→ Saved entries

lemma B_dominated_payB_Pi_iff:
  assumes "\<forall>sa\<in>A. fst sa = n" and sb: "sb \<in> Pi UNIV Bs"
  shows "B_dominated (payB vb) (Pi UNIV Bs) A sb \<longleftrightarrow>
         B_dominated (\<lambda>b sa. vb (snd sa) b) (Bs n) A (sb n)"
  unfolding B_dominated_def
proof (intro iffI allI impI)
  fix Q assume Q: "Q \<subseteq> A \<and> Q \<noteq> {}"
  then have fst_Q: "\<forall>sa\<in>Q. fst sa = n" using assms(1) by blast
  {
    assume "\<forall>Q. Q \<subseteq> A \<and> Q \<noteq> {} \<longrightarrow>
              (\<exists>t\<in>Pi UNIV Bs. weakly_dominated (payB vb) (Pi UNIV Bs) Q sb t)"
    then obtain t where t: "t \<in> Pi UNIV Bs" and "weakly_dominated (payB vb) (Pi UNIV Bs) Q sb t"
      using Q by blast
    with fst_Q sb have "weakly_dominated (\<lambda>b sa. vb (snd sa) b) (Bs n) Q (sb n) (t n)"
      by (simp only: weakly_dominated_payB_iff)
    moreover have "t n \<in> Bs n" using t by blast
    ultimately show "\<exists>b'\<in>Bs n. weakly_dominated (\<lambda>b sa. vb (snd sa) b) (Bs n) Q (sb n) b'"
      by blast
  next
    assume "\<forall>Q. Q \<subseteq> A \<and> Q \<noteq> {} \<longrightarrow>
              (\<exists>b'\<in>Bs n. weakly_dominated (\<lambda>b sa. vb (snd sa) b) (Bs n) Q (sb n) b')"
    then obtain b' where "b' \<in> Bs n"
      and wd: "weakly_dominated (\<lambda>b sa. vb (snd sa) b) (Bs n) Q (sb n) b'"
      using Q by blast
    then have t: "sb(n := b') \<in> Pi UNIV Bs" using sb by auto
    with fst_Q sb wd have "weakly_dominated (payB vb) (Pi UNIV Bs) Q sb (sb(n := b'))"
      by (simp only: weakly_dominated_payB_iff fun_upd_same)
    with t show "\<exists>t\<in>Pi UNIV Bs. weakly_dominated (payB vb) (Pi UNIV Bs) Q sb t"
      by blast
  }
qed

→ Task to carry out
Could you give the records again, exactly as they appear?

→ Response area
lemma B_dominated_payB_Pi_iff:
  assumes "\<forall>sa\<in>A. fst sa = n" and sb: "sb \<in> Pi UNIV Bs"
  shows "B_dominated (payB vb) (Pi UNIV Bs) A sb \<longleftrightarrow>
         B_dominated (\<lambda>b sa. vb (snd sa) b) (Bs n) A (sb n)"
  unfolding B_dominated_def
proof (intro iffI allI impI)
  fix Q assume Q: "Q \<subseteq> A \<and> Q \<noteq> {}"
  then have fst_Q: "\<forall>sa\<in>Q. fst sa = n" using assms(1) by blast
  {
    assume "\<forall>Q. Q \<subseteq> A \<and> Q \<noteq> {} \<longrightarrow>
              (\<exists>t\<in>Pi UNIV Bs. weakly_dominated (payB vb) (Pi UNIV Bs) Q sb t)"
    then obtain t where t: "t \<in> Pi UNIV Bs" and "weakly_dominated (payB vb) (Pi UNIV Bs) Q sb t"
      using Q by blast
    with fst_Q sb have "weakly_dominated (\<lambda>b sa. vb (snd sa) b) (Bs n) Q (sb n) (t n)"
      by (simp only: weakly_dominated_payB_iff)
    moreover have "t n \<in> Bs n" using t by blast
    ultimately show "\<exists>b'\<in>Bs n. weakly_dominated (\<lambda>b sa. vb (snd sa) b) (Bs n) Q (sb n) b'"
      by blast
  next
    assume "\<forall>Q. Q \<subseteq> A \<and> Q \<noteq> {} \<longrightarrow>
              (\<exists>b'\<in>Bs n. weakly_dominated (\<lambda>b sa. vb (snd sa) b) (Bs n) Q (sb n) b')"
    then obtain b' where "b' \<in> Bs n"
      and wd: "weakly_dominated (\<lambda>b sa. vb (snd sa) b) (Bs n) Q (sb n) b'"
      using Q by blast
    then have t: "sb(n := b') \<in> Pi UNIV Bs" using sb by auto
    with fst_Q sb wd have "weakly_dominated (payB vb) (Pi UNIV Bs) Q sb (sb(n := b'))"
      by (simp only: weakly_dominated_payB_iff fun_upd_same)
    with t show "\<exists>t\<in>Pi UNIV Bs. weakly_dominated (payB vb) (Pi UNIV Bs) Q sb t"
      by blast
  }
qed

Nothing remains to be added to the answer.